História[editar | editar código-fonte]

Pietro da Cortona, 1627-29, nos Museus Capitolinos

De acordo com as narrativas de Tito Lívio, o rapto das sabinas teria acontecido no início da história de Roma, logo após sua fundação por Rômulo e seus seguidores, em sua maior parte homens. À procura de esposas com quem pudessem formar famílias, os romanos negociaram, sem sucesso, com os sabinos, que haviam povoado a região anteriormente. Temendo o surgimento de uma sociedade rival, os sabinos recusaram-se a permitir que suas mulheres se casassem com os romanos que tiveram, então, a ideia de raptar as mulheres sabinas. Rômulo inventou um festival em homenagem a Netuno Equestre e proclamou-o aos povos vizinhos de Roma. De acordo com Tito Lívio, muitos habitantes destes povoados vizinhos compareceram ao festival, incluindo os ceninenses, os crustumerinos e os antemnos, bem como muitos dos sabinos. Durante o festival Rômulo deu um sinal, indicando a seus conterrâneos que era hora de capturar as mulheres sabinas. Após o rapto, as sabinas, indignadas, logo se viram diante de um Rômulo que lhes suplicava que aceitassem os romanos como seus maridos.

Tito Lívio é claro em afirmar que não houve abuso sexual da parte dos romanos. Ao contrário, Rômulo ofereceu-lhes liberdade de escolha, prometendo-lhes direitos civis e de propriedade.

"Ele teria pessoalmente ido a cada uma delas e indicado a elas que tudo aquilo era culpa de seus pais, que haviam negado a elas o direito de casar-se com seus vizinhos. Elas viveriam em uniões matrimoniais dignas, partilhariam de todos os direitos civis e de propriedade e, bem como - o mais precioso à natureza humana - seriam mães de homens livres."[1]

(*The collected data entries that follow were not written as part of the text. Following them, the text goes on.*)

lemma precedence_acyclic: "(x, x) \<notin> precedence\<^sup>+"
proof
  assume "(x, x) \<in> precedence\<^sup>+"
  then obtain N f agent lo hi where N: "0 < N" and f: "f 0 = x" "f N = x"
    and step: "\<And>t. t < N \<Longrightarrow> agent t < n \<and> lo t < hi t \<and> hi t < m \<and>
       \<pi> (agent t) (lo t) = f t \<and> \<pi> (agent t) (hi t) = f (Suc t) \<and> 0 < a (agent t) (f (Suc t))"
    by (rule precedence_cycle) blast
  define D where "D = cycle_trade N agent f"
  define \<delta> where "\<delta> = Min ((\<lambda>t. a (agent t) (f (Suc t))) ` {..<N})"
  define \<epsilon> where "\<epsilon> = \<delta> / real N"
  define b where "b i j = a i j + \<epsilon> * D i j" for i j
  have \<delta>_pos: "0 < \<delta>" unfolding \<delta>_def using N step by (subst Min_gr_iff) auto
  have \<epsilon>_pos: "0 < \<epsilon>" unfolding \<epsilon>_def using \<delta>_pos N by simp
  have goods: "f t < m \<and> f (Suc t) < m" if "t < N" for t
    using step[OF that] pref_less by (metis order.strict_trans)
  have b_nonneg: "0 \<le> b i j" if "i < n" "j < m" for i j
    unfolding b_def \<epsilon>_def D_def
    using share_nonneg[OF that] \<delta>_pos by (intro cycle_trade_perturb_nonneg) (auto simp: \<delta>_def)
  have "is_allocation n m q r b"
    unfolding b_def using allocation b_nonneg[unfolded b_def]
    by (intro is_allocation_perturb)
       (auto simp: D_def goods step f intro!: cycle_trade_row_sum cycle_trade_col_sum)
  moreover have improves: "lex_prefers m (\<pi> i) (b i) (a i)" if t0: "t0 < N" "agent t0 = i" for i t0
  proof -
    have i: "i < n" using step t0 by blast
    have moves: "lo t < hi t \<and> hi t < m \<and> \<pi> i (lo t) = f t \<and> \<pi> i (hi t) = f (Suc t)"
      if "t < N" "agent t = i" for t
      using step[OF that(1)] that(2) by blast
    obtain l where "l < m" "\<forall>k<l. D i (\<pi> i k) = 0" "0 < D i (\<pi> i l)"
      unfolding D_def using cycle_trade_lex_positive[where agent = agent and f = f, OF pref_inj[OF i] moves t0] by blast
    then show ?thesis unfolding b_def using \<epsilon>_pos by (intro lex_prefers_perturb)
  qed
  moreover have "same_share m (b i) (a i) \<or> lex_prefers m (\<pi> i) (b i) (a i)" for i
  proof (cases "i \<in> agent ` {..<N}")
    case True
    then show ?thesis using improves by blast
  next
    case False
    then show ?thesis unfolding same_share_def b_def D_def using cycle_trade_idle by simp
  qed
  moreover have "agent 0 < n" using step[OF N] by blast
  ultimately show False
    using efficient improves[OF N refl] unfolding pareto_efficient_def by blast
qed

definition predecessors :: "nat \<Rightarrow> nat set" where
  "predecessors y = {x. (x, y) \<in> precedence\<^sup>+}"

definition depth :: "nat \<Rightarrow> nat" where
  "depth y = card (predecessors y)"

lemma precedence_less: "(x, y) \<in> precedence \<Longrightarrow> x < m \<and> y < m"
  unfolding precedence_def using pref_less by auto

lemma predecessors_subset: "predecessors y \<subseteq> {..<m} - {y}"
  unfolding predecessors_def using precedence_acyclic
  by (auto dest: tranclD precedence_less)

lemma depth_less: "y < m \<Longrightarrow> depth y < m"
proof -
  assume "y < m"
  then have "card (predecessors y) \<le> m - 1"
    using card_mono[OF _ predecessors_subset[of y]] by simp
  with \<open>y < m\<close> show ?thesis unfolding depth_def by linarith
qed

lemma depth_strict_mono: "(x, y) \<in> precedence \<Longrightarrow> depth x < depth y"
proof -
  assume xy: "(x, y) \<in> precedence"
  have "predecessors x \<subseteq> predecessors y"
    unfolding predecessors_def using xy by (auto intro: trancl_into_trancl)
  moreover have "x \<in> predecessors y" "x \<notin> predecessors x"
    unfolding predecessors_def using xy precedence_acyclic by auto
  moreover have "finite (predecessors y)"
    using predecessors_subset finite_subset by blast
  ultimately show ?thesis unfolding depth_def by (metis psubsetI psubset_card_mono)
qed

lemma depth_less_if_preferred:
  assumes "i < n" "0 < a i g" "l < m" "\<pi> i l = g" "k < l"
  shows "depth (\<pi> i k) < depth g"
  using assms by (intro depth_strict_mono) (auto simp: precedence_def)

lemma held_goods_depth_inj:
  assumes "i < n" "g < m" "g' < m" "0 < a i g" "0 < a i g'" "depth g = depth g'"
  shows "g = g'"
proof -
  obtain l l' where "l < m" "\<pi> i l = g" "l' < m" "\<pi> i l' = g'"
    using pref_surj assms by metis
  then show ?thesis
    using depth_less_if_preferred[of i g l] depth_less_if_preferred[of i g' l'] assms
    by (metis less_irrefl nat_neq_iff)
qed

definition slot :: "nat \<Rightarrow> real set" where
  "slot k = {real k / real m ..< (real k + 1) / real m}"

definition speed :: "nat \<Rightarrow> real \<Rightarrow> real" where
  "speed i s = (\<Sum>j<m. real m * a i j * indicator (slot (depth j)) s)"

definition exhaustion_time :: "nat \<Rightarrow> real" where
  "exhaustion_time j = (real (depth j) + 1) / real m"

definition on_schedule :: "(nat \<Rightarrow> real) \<Rightarrow> real \<Rightarrow> bool" where
  "on_schedule \<tau> s \<longleftrightarrow> (\<forall>k<m. s \<in> slot k \<longrightarrow>
     (\<forall>j<m. depth j < k \<longrightarrow> \<tau> j \<le> s) \<and> (\<forall>j<m. depth j = k \<longrightarrow> s < \<tau> j))"

lemma slot_iff: "s \<in> slot k \<longleftrightarrow> 0 < m \<and> real k \<le> s * real m \<and> s * real m < real k + 1"
  unfolding slot_def by (cases "m = 0") (auto simp: field_simps)

lemma slot_unique: "s \<in> slot k \<Longrightarrow> s \<in> slot k' \<Longrightarrow> k = k'"
  unfolding slot_iff by linarith

lemma current_good_held:
  assumes i: "i < n" and g: "g < m" "0 < a i g" and s: "s \<in> slot (depth g)"
    and schedule: "on_schedule \<tau> s"
  shows "sg_current m \<pi> \<tau> i s = Some g"
proof -
  obtain l where l: "l < m" "\<pi> i l = g" using pref_surj i g by blast
  have available: "s < \<tau> g" using schedule s depth_less g unfolding on_schedule_def by blast
  have exhausted: "\<tau> (\<pi> i k) \<le> s" if "k < l" for k
    using schedule s depth_less[OF g(1)] depth_less_if_preferred[OF i g(2) l that] pref_less i that l
    unfolding on_schedule_def by (meson order.strict_trans)
  have "(LEAST k. k < m \<and> s < \<tau> (\<pi> i k)) = l"
    using l available exhausted by (intro Least_equality) (auto simp: not_less[symmetric])
  then show ?thesis unfolding sg_current_def using l available by auto
qed

lemma share_indicator_other:
  assumes "i < n" "g < m" "0 < a i g" "s \<in> slot (depth g)" "j < m" "j \<noteq> g"
  shows "a i j * indicator (slot (depth j)) s = 0"
proof (cases "s \<in> slot (depth j)")
  case True
  then have "depth j = depth g" using assms slot_unique by blast
  then have "\<not> 0 < a i j" using held_goods_depth_inj assms by metis
  then show ?thesis using share_nonneg assms by force
qed simp

lemma speed_held:
  assumes "i < n" "g < m" "0 < a i g" "s \<in> slot (depth g)"
  shows "speed i s = real m * a i g"
proof -
  have "speed i s = (\<Sum>j<m. if j = g then real m * a i g else 0)"
    unfolding speed_def using share_indicator_other[OF assms] assms(4)
    by (intro sum.cong) auto
  then show ?thesis using assms(2) by simp
qed

lemma eating_rate:
  assumes i: "i < n" and j: "j < m" and schedule: "on_schedule \<tau> s"
  shows "(if sg_current m \<pi> \<tau> i s = Some j then speed i s else 0) =
    real m * a i j * indicator (slot (depth j)) s"
proof (cases "\<exists>g<m. 0 < a i g \<and> s \<in> slot (depth g)")
  case True
  then obtain g where g: "g < m" "0 < a i g" "s \<in> slot (depth g)" by blast
  show ?thesis
    using current_good_held[OF i g schedule] speed_held[OF i g] share_indicator_other[OF i g j] g
    by (cases "j = g") auto
next
  case False
  then have idle: "a i g * indicator (slot (depth g)) s = 0" if "g < m" for g
    using share_nonneg[OF i that] that by (cases "s \<in> slot (depth g)") force+
  then have "speed i s = 0" unfolding speed_def by (intro sum.neutral ballI) (simp add: mult.assoc)
  then show ?thesis using idle[OF j] by simp
qed

lemma amount_on_schedule:
  assumes i: "i < n" and j: "j < m" and schedule: "\<And>s. 0 \<le> s \<Longrightarrow> s < t \<Longrightarrow> on_schedule \<tau> s"
  shows "sg_amount m speed \<pi> \<tau> i j t = real m * a i j * measure lborel ({0..<t} \<inter> slot (depth j))"
proof -
  define f where "f s = (if sg_current m \<pi> \<tau> i s = Some j then speed i s else 0)" for s
  define c where "c = real m * a i j"
  define d where "d = (if 0 \<le> t then f t else 0)"
  define S where "S = {0..<t} \<inter> slot (depth j)"
  have S_finite: "emeasure lborel S < \<infinity>"
  proof -
    have "emeasure lborel S \<le> emeasure lborel {0..t}"
      by (rule emeasure_mono) (auto simp: S_def)
    also have "\<dots> < \<infinity>" by (simp add: emeasure_lborel_Icc_eq)
    finally show ?thesis .
  qed
  \<comment> \<open>The schedule says nothing about the endpoint t itself, but a point is a null set.\<close>
  have "(\<lambda>s. indicator {0..t} s *\<^sub>R f s) = (\<lambda>s. c * indicator S s + d * indicator {t} s)"
  proof
    fix s
    show "indicator {0..t} s *\<^sub>R f s = c * indicator S s + d * indicator {t} s"
      using eating_rate[OF i j schedule, of s]
      by (cases "s \<in> {0..<t}") (auto simp: f_def c_def d_def S_def indicator_def)
  qed
  then have "sg_amount m speed \<pi> \<tau> i j t = integral\<^sup>L lborel (\<lambda>s. c * indicator S s + d * indicator {t} s)"
    unfolding sg_amount_def set_lebesgue_integral_def f_def[symmetric] by simp
  also have "\<dots> = c * measure lborel S"
    using S_finite by (simp add: S_def slot_def)
  finally show ?thesis unfolding c_def S_def .
qed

Guerra contra os sabinos e outras tribos[editar | editar código-fonte]

Furioso com o ocorrido, o rei dos ceninenses invadiu o território de Roma com seu exército. Rômulo e os romanos os enfrentaram em combate, assassinando o rei e derrotando suas tropas. Em seguida Rômulo atacou a cidade de Cenina e a conquistou já na primeira tentativa. Ao retornar a Roma, Rômulo dedicou um templo a Júpiter Ferétrio (de acordo com Tito Lívio, o primeiro templo dedicado em Roma) e ofereceu os espólios do rei inimigo como spolia opima. De acordo com os Fasti Triumphales, Rômulo teria celebrado um triunfo sobre os ceninenses em 1 de março de 752 a.C.

No mesmo período, o exército dos antemnos fez uma incursão em território romano. Os romanos então retaliaram, derrotando os antemnos em combate e conquistando sua cidade. De acordo com os Fasti Triumphales, Rômulo teria realizado um segundo triunfo naquele mesmo ano, celebrando esta nova vitória.

Os crustumerinos também deram início a hostilidades com os romanos, porém sua cidade foi rapidamente conquistada por estes.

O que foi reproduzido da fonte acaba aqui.